Young people have a marvelous faculty of either dying or adapting themselves to circumstances. Even if they are unhappy – very unhappy – it is astonishing how easily they can be prevented from finding it out, or at any rate from attributing it to any other cause than their own sinfulness.

That sums up the child-rearing theory at play in this household, and perhaps in many in Victorian England – the kid should learn, from experience early on, that life is hard, that no one’s going to hand you anything, so deal with it, or die. You won’t really die of course. You’ll adapt, and pull your own weight, like a responsible person. If you’re unhappy with that it’s because you are simply sinful. The sin is sloth. And your parents aren’t here to make your life easier anyway – they act in their own self-interest to make themselves comfortable. That’s life. Everyone acts in their own self-interest, so get over it, and when you’re old enough, get a job and pay your parents rent – reimburse them for food, shelter and clothing. The father of our hero often reminds him of how generous he is to have provided those things for so long, for free. The father says he has been indulgent, perhaps foolishly so, and at one point considers charging his adult son for all that food, shelter and clothing since birth. It’s only fair, and all this is good for the child. Good parents teach their children about personal responsibility, and fear of God.
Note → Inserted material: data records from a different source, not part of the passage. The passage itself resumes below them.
section \<open>Concave envelopes\<close>

lemma concave_ext_jensen:
  assumes "concave_ext h" "finite I" "\<forall>i\<in>I. 0 \<le> \<alpha> i" "sum \<alpha> I = 1" "\<forall>i\<in>I. ereal (y i) \<le> h (x i)"
  shows "ereal (\<Sum>i\<in>I. \<alpha> i * y i) \<le> h (\<Sum>i\<in>I. \<alpha> i * x i)"
  using assms(2-)
proof (induction I arbitrary: \<alpha> rule: finite_induct)
  case (insert k I)
  show ?case
  proof (cases "sum \<alpha> I = 0")
    case True
    then have "\<forall>i\<in>I. \<alpha> i = 0" using insert by (simp add: sum_nonneg_eq_0_iff)
    then show ?thesis using insert True by simp
  next
    case False
    define \<beta> where "\<beta> i = \<alpha> i / sum \<alpha> I" for i
    have rest: "sum \<alpha> I = 1 - \<alpha> k" "0 \<le> sum \<alpha> I" using insert by (simp_all add: sum_nonneg)
    have "ereal (\<Sum>i\<in>I. \<beta> i * y i) \<le> h (\<Sum>i\<in>I. \<beta> i * x i)"
      using insert False rest by (intro insert.IH) (auto simp: \<beta>_def sum_divide_distrib[symmetric])
    then have "ereal (\<alpha> k * y k + (1 - \<alpha> k) * (\<Sum>i\<in>I. \<beta> i * y i))
        \<le> h (\<alpha> k * x k + (1 - \<alpha> k) * (\<Sum>i\<in>I. \<beta> i * x i))"
      using assms(1) insert.prems rest unfolding concave_ext_def by simp
    moreover have "(1 - \<alpha> k) * (\<Sum>i\<in>I. \<beta> i * z i) = (\<Sum>i\<in>I. \<alpha> i * z i)" for z
      using False rest by (simp add: \<beta>_def sum_distrib_left)
    ultimately show ?thesis using insert by simp
  qed
qed simp

lemma convex_combination_le_cenv:
  assumes "finite I" "\<forall>i\<in>I. 0 \<le> \<alpha> i" "sum \<alpha> I = 1" "\<forall>i\<in>I. ereal (y i) \<le> g (x i)"
  shows "ereal (\<Sum>i\<in>I. \<alpha> i * y i) \<le> cenv g (\<Sum>i\<in>I. \<alpha> i * x i)"
  unfolding cenv_def
proof (rule Inf_greatest, clarify)
  fix h assume "concave_ext h" "\<forall>x. g x \<le> h x"
  then show "ereal (\<Sum>i\<in>I. \<alpha> i * y i) \<le> h (\<Sum>i\<in>I. \<alpha> i * x i)"
    using assms by (intro concave_ext_jensen) (auto intro: order_trans)
qed

lemma ereal_le_mix_split:
  fixes X Y :: ereal
  assumes "X \<noteq> \<infinity>" "Y \<noteq> \<infinity>" "0 \<le> w" "w \<le> 1" "ereal a \<le> ereal w * X + ereal (1 - w) * Y"
  obtains c1 c2 where "a \<le> w * c1 + (1 - w) * c2" "0 < w \<Longrightarrow> ereal c1 \<le> X" "w < 1 \<Longrightarrow> ereal c2 \<le> Y"
proof -
  consider "w = 0" | "w = 1" | "0 < w" "w < 1" using assms(3,4) by linarith
  then show ?thesis
  proof cases
    case 1
    then show ?thesis using assms(5) that[of 0 a] by (simp add: zero_ereal_def[symmetric])
  next
    case 2
    then show ?thesis using assms(5) that[of a 0] by (simp add: zero_ereal_def[symmetric])
  next
    case 3
    then have "X \<noteq> - \<infinity>" "Y \<noteq> - \<infinity>" using assms by (cases X; cases Y; auto)+
    then show ?thesis
      using assms that[of "real_of_ereal X" "real_of_ereal Y"] by (cases X; cases Y) auto
  qed
qed

definition kids_hypograph ::
  "gtree \<Rightarrow> (nat list \<Rightarrow> real \<Rightarrow> ereal) \<Rightarrow> nat list \<Rightarrow> (real \<times> real) set" where
  "kids_hypograph t U p = {(x, v). \<exists>i < length (kids (subtree t p)). ereal v \<le> child_fn t U p i x}"

lemma choice_obj_lowerE:
  assumes "learned_epfs t U" "valid_pos t p" "feasible_choice t p \<mu> (i, j, w, \<mu>1, \<mu>2)"
    "ereal a \<le> choice_obj t U p (i, j, w, \<mu>1, \<mu>2)"
  obtains c1 c2 where "a \<le> w * c1 + (1 - w) * c2"
    "0 < w \<Longrightarrow> ereal c1 \<le> child_fn t U p i \<mu>1" "w < 1 \<Longrightarrow> ereal c2 \<le> child_fn t U p j \<mu>2"
proof -
  have i: "i < length (kids (subtree t p))" and j: "j < length (kids (subtree t p))"
    and w: "0 \<le> w" "w \<le> 1"
    using assms(3) by (simp_all add: feasible_choice_def)
  have "ereal a \<le> ereal w * child_fn t U p i \<mu>1 + ereal (1 - w) * child_fn t U p j \<mu>2"
    using assms(4) by (simp add: choice_obj_def)
  from ereal_le_mix_split[OF child_fn_neq_PInf[OF assms(1,2) i] child_fn_neq_PInf[OF assms(1,2) j] w
    this]
  show ?thesis using that by blast
qed

lemma choice_obj_neq_PInf:
  assumes "learned_epfs t U" "valid_pos t p" "feasible_choice t p \<mu> c"
  shows "choice_obj t U p c \<noteq> \<infinity>"
proof -
  obtain i j w \<mu>1 \<mu>2 where c: "c = (i, j, w, \<mu>1, \<mu>2)" by (cases c) auto
  then have "child_fn t U p i \<mu>1 \<noteq> \<infinity>" "child_fn t U p j \<mu>2 \<noteq> \<infinity>" "0 \<le> w" "w \<le> 1"
    using assms child_fn_neq_PInf[OF assms(1,2)] by (auto simp: feasible_choice_def)
  then show ?thesis
    unfolding c choice_obj_def
    by (cases "child_fn t U p i \<mu>1"; cases "child_fn t U p j \<mu>2") (auto simp: ereal_mult_infty)
qed

lemma below_chord_if_choice_obj:
  assumes "learned_epfs t U" "valid_pos t p" "feasible_choice t p \<mu> c"
    "ereal a \<le> choice_obj t U p c"
  shows "below_chord (kids_hypograph t U p) \<mu> a"
proof -
  obtain i j w \<mu>1 \<mu>2 where c: "c = (i, j, w, \<mu>1, \<mu>2)" by (cases c) auto
  obtain c1 c2 where "a \<le> w * c1 + (1 - w) * c2"
    "0 < w \<Longrightarrow> ereal c1 \<le> child_fn t U p i \<mu>1" "w < 1 \<Longrightarrow> ereal c2 \<le> child_fn t U p j \<mu>2"
    using choice_obj_lowerE[OF assms(1,2) assms(3,4)[unfolded c]] by blast
  then show ?thesis
    using assms(3) unfolding c feasible_choice_def kids_hypograph_def
    by (intro below_chordI[of w \<mu>1 c1 _ \<mu>2 c2]) auto
qed

lemma choice_obj_if_below_chord:
  assumes "below_chord (kids_hypograph t U p) \<mu> a"
  shows "\<exists>c. feasible_choice t p \<mu> c \<and> ereal a \<le> choice_obj t U p c"
proof -
  obtain x1 v1 x2 v2 w i j where "i < length (kids (subtree t p))" "j < length (kids (subtree t p))"
    "ereal v1 \<le> child_fn t U p i x1" "ereal v2 \<le> child_fn t U p j x2"
    "0 \<le> w" "w \<le> 1" "w * x1 + (1 - w) * x2 = \<mu>" "a \<le> w * v1 + (1 - w) * v2"
    using assms unfolding below_chord_def kids_hypograph_def by auto
  note chord = this
  have "ereal a \<le> ereal w * ereal v1 + ereal (1 - w) * ereal v2"
    using chord(8) by simp
  also have "\<dots> \<le> ereal w * child_fn t U p i x1 + ereal (1 - w) * child_fn t U p j x2"
    using chord by (intro add_mono ereal_mult_left_mono) auto
  finally show ?thesis
    using chord unfolding feasible_choice_def choice_obj_def
    by (intro exI[of _ "(i, j, w, x1, x2)"]) auto
qed
lemma chi_ei_eqI:
  assumes "ei_coloring V E k f" "\<And>k' f'. ei_coloring V E k' f' \<Longrightarrow> k \<le> k'"
  shows "chi_ei V E = k"
  unfolding chi_ei_def using assms by (blast intro: Least_equality)

lemma cycle_homs_to_odd_cycle:
  assumes "4 \<le> m" "m \<notin> {5, 7}" "odd n" "9 \<le> n"
  obtains N p q where "odd N" "9 \<le> N" "cycle_hom m N p" "cycle_hom n N q"
proof (cases "even m")
  case True
  then show ?thesis
    using that[OF assms(3,4) cycle_hom_parity cycle_hom_id] assms(4) by simp
next
  case False
  show ?thesis
  proof (cases "n \<le> m")
    case True
    then show ?thesis
      using that[OF assms(3,4) cycle_hom_fold_cycle cycle_hom_id] False assms(3,4) by simp
  next
    case n_gt_m: False
    have "9 \<le> m" using assms(1,2) False by simp presburger
    then show ?thesis
      using that[OF _ _ cycle_hom_id cycle_hom_fold_cycle] False n_gt_m assms(3) by simp
  qed
qed

lemma chi_ei_torus_even:
  assumes "even m" "even n" "2 \<le> m" "2 \<le> n"
  shows "chi_ei (torus_verts m n) (torus_adj m n) = 2"
proof (rule chi_ei_eqI)
  show "ei_coloring (torus_verts m n) (torus_adj m n) 2
      (\<lambda>u. Suc ((fst u mod 2 + snd u mod 2) mod 2))"
    using assms by (intro ei_coloring_torus_of_cycle_homs cycle_hom_parity circulant13_coloring_2) auto
next
  fix k f assume "ei_coloring (torus_verts m n) (torus_adj m n) k f"
  then show "2 \<le> k" using assms(3,4) by (rule ei_coloring_torus_ge_2)
qed

lemma chi_ei_torus_odd:
  assumes "4 \<le> m" "m \<notin> {5, 7}" "odd n" "9 \<le> n"
  shows "chi_ei (torus_verts m n) (torus_adj m n) = 3"
proof -
  have "2 \<le> m" "3 \<le> n" using assms(1,4) by simp_all
  obtain N p q where N: "odd N" "9 \<le> N" and hom: "cycle_hom m N p" "cycle_hom n N q"
    using cycle_homs_to_odd_cycle[OF assms] .
  obtain S where "circulant13_coloring N 3 S"
    using circulant13_coloring_odd[OF N] .
  then have "ei_coloring (torus_verts m n) (torus_adj m n) 3 (\<lambda>u. S ((p (fst u) + q (snd u)) mod N))"
    using hom N(2) by (intro ei_coloring_torus_of_cycle_homs) auto
  then show ?thesis
  proof (rule chi_ei_eqI)
    fix k f assume "ei_coloring (torus_verts m n) (torus_adj m n) k f"
    then show "3 \<le> k" using \<open>2 \<le> m\<close> \<open>3 \<le> n\<close> \<open>odd n\<close> by (rule ei_coloring_torus_odd_ge_3)
  qed
qed

theorem theorem4p10:
  fixes m n :: nat
  assumes "m \<ge> 3" and "n \<ge> 3"
  shows "(even m \<and> even n \<longrightarrow>
           chi_ei (cart_verts (cycle_verts m) (cycle_verts n)) (cart_adj (cycle_adj m) (cycle_adj n)) = 2)
       \<and> (m \<ge> 4 \<and> m \<notin> {5, 7} \<and> odd n \<and> n \<ge> 9 \<longrightarrow>
           chi_ei (cart_verts (cycle_verts m) (cycle_verts n)) (cart_adj (cycle_adj m) (cycle_adj n)) = 3)"
  using assms chi_ei_torus_even chi_ei_torus_odd by simp

end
Consider that tough love – taken to the absurd. Or it’s our current Republican every-man-for-himself free-market ideology, with its overlay of evangelical fear-God-because-He’s-pretty-ticked-off-with-all-of-us fervor – taken to the absurd. Life’s not like that. Parents want their kids to succeed, and damn it, they will – and that can be arranged. That can be carefully managed, so American parents are now notorious for scheduling every waking moment of the kid’s life, in one-hour segments – soccer practice, the supervised play-dates, with the right kids, the advanced math or science tutoring, arts classes, martial arts classes, ballet classes for the girls, perhaps fencing for the boys, perhaps violin lessons, and so on. This is hands-on stuff that requires project management skills, and the project is the kid. Nothing can mess that up. If the kid gets a bad grade, the parent will get that teacher fired. The Battle Hymn of the Tiger Mother is the bible here. One must monitor everything. The schedule cannot slip. No detail is unimportant.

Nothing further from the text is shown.